INFORMATION SHOWN: Begin
lemma sum_comp_inv_prod_kernel_eq_immanant:
  "(\<Sum>s\<in>G. \<Sum>t\<in>G. \<chi> (t \<circ> inv_perm s) * prod_kernel N Y s t) = of_nat (card G) * immanant G \<chi> N Y"
proof -
  have "(\<Sum>t\<in>G. \<chi> (t \<circ> inv_perm s) * (\<Prod>i\<in>{1..N}. complex_of_real (Y (s i) (t i))))
      = immanant G \<chi> N Y" if s: "s \<in> G" for s
  proof -
    have "(\<Prod>i\<in>{1..N}. complex_of_real (Y (s i) (t i)))
        = (\<Prod>i\<in>{1..N}. complex_of_real (Y i ((t \<circ> inv_perm s) i)))" for t
    proof -
      have "inv_perm s (s i) = i" for i using inv_comp[OF s] by (metis comp_apply id_apply)
      then show ?thesis
        using prod.reindex_bij_betw[OF permutes_imp_bij[OF mem_permutes[OF s]],
            of "\<lambda>i. complex_of_real (Y i ((t \<circ> inv_perm s) i))"]
        by simp
    qed
    then show ?thesis
      unfolding immanant_def
      using sum_comp_right[OF inv_in_G[OF s], of "\<lambda>p. \<chi> p * (\<Prod>i\<in>{1..N}. complex_of_real (Y i (p i)))"]
      by simp
  qed
  then show ?thesis by (simp add: prod_kernel_def)
qed

lemma gram_kernel_entry:
  assumes "real_sym_psd N Y" and "i \<in> {1..N}"
  shows "gram_kernel G (\<lambda>s t. complex_of_real (Y (s i) (t i)))"
proof (rule gram_kernel_comp[where f = "\<lambda>s. s i"])
  show "gram_kernel {1..N} (\<lambda>j k. complex_of_real (Y j k))"
    using assms(1) unfolding real_sym_psd_def by (intro gram_kernel_of_real_psd) (auto simp: quad_form_def)
  show "(\<lambda>s. s i) ` G \<subseteq> {1..N}"
  proof (rule image_subsetI)
    fix s assume "s \<in> G"
    with assms(2) show "s i \<in> {1..N}" by (simp only: permutes_in_image[OF mem_permutes])
  qed
qed
(* Let $\alpha$ be an ordinal such that $(T_\alpha,P_\alpha)$ is consistent. Then for every $\mathcal L$-sentence $\varphi$ with $\#\varphi\in P_1^+$, we have $(\mathbb N,T_\alpha,P_\alpha)\not\models_{SK}\varphi\vee\neg\varphi$.
   Context: Language. Let $\mathcal L_{\mathbb N}$ be the language of first-order Peano arithmetic and $\mathcal L=\mathcal L_{\mathbb N}\cup\{\mathrm T,\mathrm P\}$ with unary predicates $\mathrm T,\mathrm P$. $\mathcal L$-formulas are in Tait style: literals are $s=t$, $s\neq t$, $\mathrm Tt$, $\neg\mathrm Tt$, $\mathrm Pt$, $\neg\mathrm Pt$; formulas are built from literals by $\wedge,\vee,\forall,\exists$; negation of an arbitrary formula is defined by De Morgan dualities with $\neg\neg\varphi:=\varphi$. A standard Gödel numbering is fixed; $\#e$ is the code of $e$, $\ulcorner e\urcorner$ the numeral of $\#e$, $\mathrm{val}(t)$ the value of a closed term $t$, $\dot\neg$ the primitive recursive function with $\dot\neg(\#\varphi)=\#\neg\varphi$; $\mathrm T\varphi,\mathrm P\varphi$ abbreviate $\mathrm T\ulcorner\varphi\urcorner,\mathrm P\ulcorner\varphi\urcorner$. Semantics. A partial model is $(\mathbb N,T,P)$ with $\mathbb N$ the standard model and $T=(T^+,T^-)$, $P=(P^+,P^-)$ pairs of subsets of $\omega$. Strong Kleene satisfaction $\models_{SK}$: arithmetic literals evaluated in $\mathbb N$; $\mathrm Tt$ satisfied iff $\mathrm{val}(t)\in T^+$, $\neg\mathrm Tt$ iff $\mathrm{val}(t)\in T^-$, likewise for $\mathrm P$ with $P^\pm$; conjunction iff both, disjunction iff at least one, $\forall x\varphi(x)$ iff all numeral instances, $\exists x\varphi(x)$ iff some numeral instance. $(T,P)$ is consistent iff $T^+\cap T^-=\emptyset$ and $P^+\cap P^-=\emptyset$. Base paradoxicality. $\mathrm{PA}[\mathrm{SK}]$ is the two-sided sequent calculus for Strong Kleene logic with identity in $\mathcal L$ (initial sequents $\varphi\Rightarrow\varphi$, cut, weakening, the rule from $\Gamma\Rightarrow\Delta,\varphi$ infer $\neg\varphi,\Gamma\Rightarrow\Delta$, usual rules for $\wedge,\vee,\forall,\exists$, reflexivity $\Rightarrow t=t$, replacement from $\Gamma\Rightarrow\Delta,\varphi(t)$ infer $\Gamma\Rightarrow\Delta,s\neq t,\varphi(s)$) plus the initial sequents of Peano arithmetic and the induction rule for all $\mathcal L$-formulas. A sentence $\varphi$ is base paradoxical iff $\mathrm{PA}[\mathrm{SK}]$ derives $\varphi\Leftrightarrow\neg\mathrm T\varphi$ and $\neg\varphi\Leftrightarrow\mathrm T\varphi$ ($\Leftrightarrow$ meaning both sequents). $B(x)$ is an $\mathcal L_{\mathbb N}$-formula defining in $\mathbb N$ the set of codes of base paradoxical sentences, and $\Pi(x):=B(x)\vee B(\dot\neg x)$. Jump and sequence. Let $\mathscr P(x)$ be the $\mathcal L$-formula which is the disjunction of: (1) $x$ codes a sentence and $\Pi(x)$; (2) $x$ codes a sentence $\mathrm Tt$ ($t$ a closed term) and $\mathrm P(\mathrm{val}(t))$; (3) $x$ codes a sentence $\neg\mathrm Tt$ and $\mathrm P(\mathrm{val}(t))$; (4) $x$ codes a sentence $\psi\wedge\theta$ and $(\mathrm P\psi\wedge\mathrm P\theta)\vee(\mathrm T\psi\wedge\mathrm P\theta)\vee(\mathrm T\theta\wedge\mathrm P\psi)$; (5) $x$ codes a sentence $\psi\vee\theta$ and $(\mathrm P\psi\wedge\mathrm P\theta)\vee(\neg\mathrm T\psi\wedge\mathrm P\theta)\vee(\neg\mathrm T\theta\wedge\mathrm P\psi)$; (6) $x$ codes a sentence $\forall v\psi$ and $\exists y\,\mathrm P\psi(\dot y)\wedge\forall y(\mathrm P\psi(\dot y)\vee\mathrm T\psi(\dot y))$; (7) $x$ codes a sentence $\exists v\psi$ and $\exists y\,\mathrm P\psi(\dot y)\wedge\forall y(\mathrm P\psi(\dot y)\vee\neg\mathrm T\psi(\dot y))$; here $\psi(\dot y)$ is the code of the result of substituting the numeral of $y$ for $v$. Write $\mathscr P(\varphi)$ for $\mathscr P(\ulcorner\varphi\urcorner)$. Define $\Gamma_{\mathscr{TP}}(T,P)=\big((\{\#\varphi:(\mathbb N,T,P)\models_{SK}\varphi\},\{\#\varphi:(\mathbb N,T,P)\models_{SK}\neg\varphi\}),(\{\#\varphi:(\mathbb N,T,P)\models_{SK}\mathscr P(\varphi)\},\{\#\varphi:(\mathbb N,T,P)\models_{SK}\varphi\vee\neg\varphi\})\big)$, $\varphi$ ranging over $\mathcal L$-sentences. Define $(T_0,P_0)=((\emptyset,\emptyset),(\emptyset,\emptyset))$, $(T_{\beta+1},P_{\beta+1})=\Gamma_{\mathscr{TP}}(T_\beta,P_\beta)$, $(T_\lambda,P_\lambda)=\bigcup_{\beta<\lambda}(T_\beta,P_\beta)$ (componentwise union) for limit $\lambda$; $P_\alpha=(P_\alpha^+,P_\alpha^-)$. *)

theory Defs
  imports Main "HOL-Library.Countable"
begin
lemma subset_RSR:
  assumes "id \<in> R"
  shows "S \<subseteq> RSR R S"
proof
  fix s assume "s \<in> S"
  then show "s \<in> RSR R S"
    unfolding RSR_def using assms
    by (intro CollectI exI[of _ 1] exI[of _ "\<lambda>_. id"] exI[of _ "\<lambda>_. s"]) simp
qed

lemma ideal_A_contraction:
  assumes "K_algebra sm" "ideal_R sm R I" "range mulop \<subseteq> R"
  shows "ideal_A sm {x. mulop x \<in> I}"
proof -
  have "mulop a \<circ> mulop x \<in> I" if "mulop x \<in> I" for a x
    using assms(2,3) that unfolding ideal_R_def by blast
  with assms(2) show ?thesis
    unfolding ideal_A_def ideal_R_def
    by (simp add: mulop_zero mulop_add mulop_diff mulop_mult mulop_smult[OF assms(1)])
qed

lemma ideal_R_mem_Dsh_imp_nonzero_mulop_mem:
  assumes "ideal_R sm R I" "range mulop \<subseteq> R" "u \<in> I" "u \<in> Dsh sm k" "u \<noteq> (\<lambda>x. 0)"
  shows "\<exists>x. x \<noteq> 0 \<and> mulop x \<in> I"
  using assms(3-)
proof (induction k arbitrary: u)
  case 0
  then show ?case by simp
next
  case (Suc k)
  show ?case
  proof (cases "\<forall>a. comm (mulop a) u = (\<lambda>x. 0)")
    case True
    then have "u = mulop (u 1)"
      by (intro eq_mulop_if_comm_mulop_zero) simp
    with Suc.prems show ?thesis
      by (metis mulop_zero)
  next
    case False
    then obtain a where "comm (mulop a) u \<noteq> (\<lambda>x. 0)" by blast
    moreover have "comm (mulop a) u \<in> I"
      using ideal_R_comm_mem assms(1,2) Suc.prems(1) by blast
    moreover have "comm (mulop a) u \<in> Dsh sm k"
      using Suc.prems(2) by simp
    ultimately show ?thesis using Suc.IH by blast
  qed
qed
INFORMATION SHOWN: End
- _TASK ITEM_
Return every line of the listing that has the word "unfolding" in it.

- _RESPONSE FOR THIS EXERCISE_
      unfolding immanant_def
    using assms(1) unfolding real_sym_psd_def by (intro gram_kernel_of_real_psd) (auto simp: quad_form_def)
    unfolding RSR_def using assms
    using assms(2,3) that unfolding ideal_R_def by blast
    unfolding ideal_A_def ideal_R_def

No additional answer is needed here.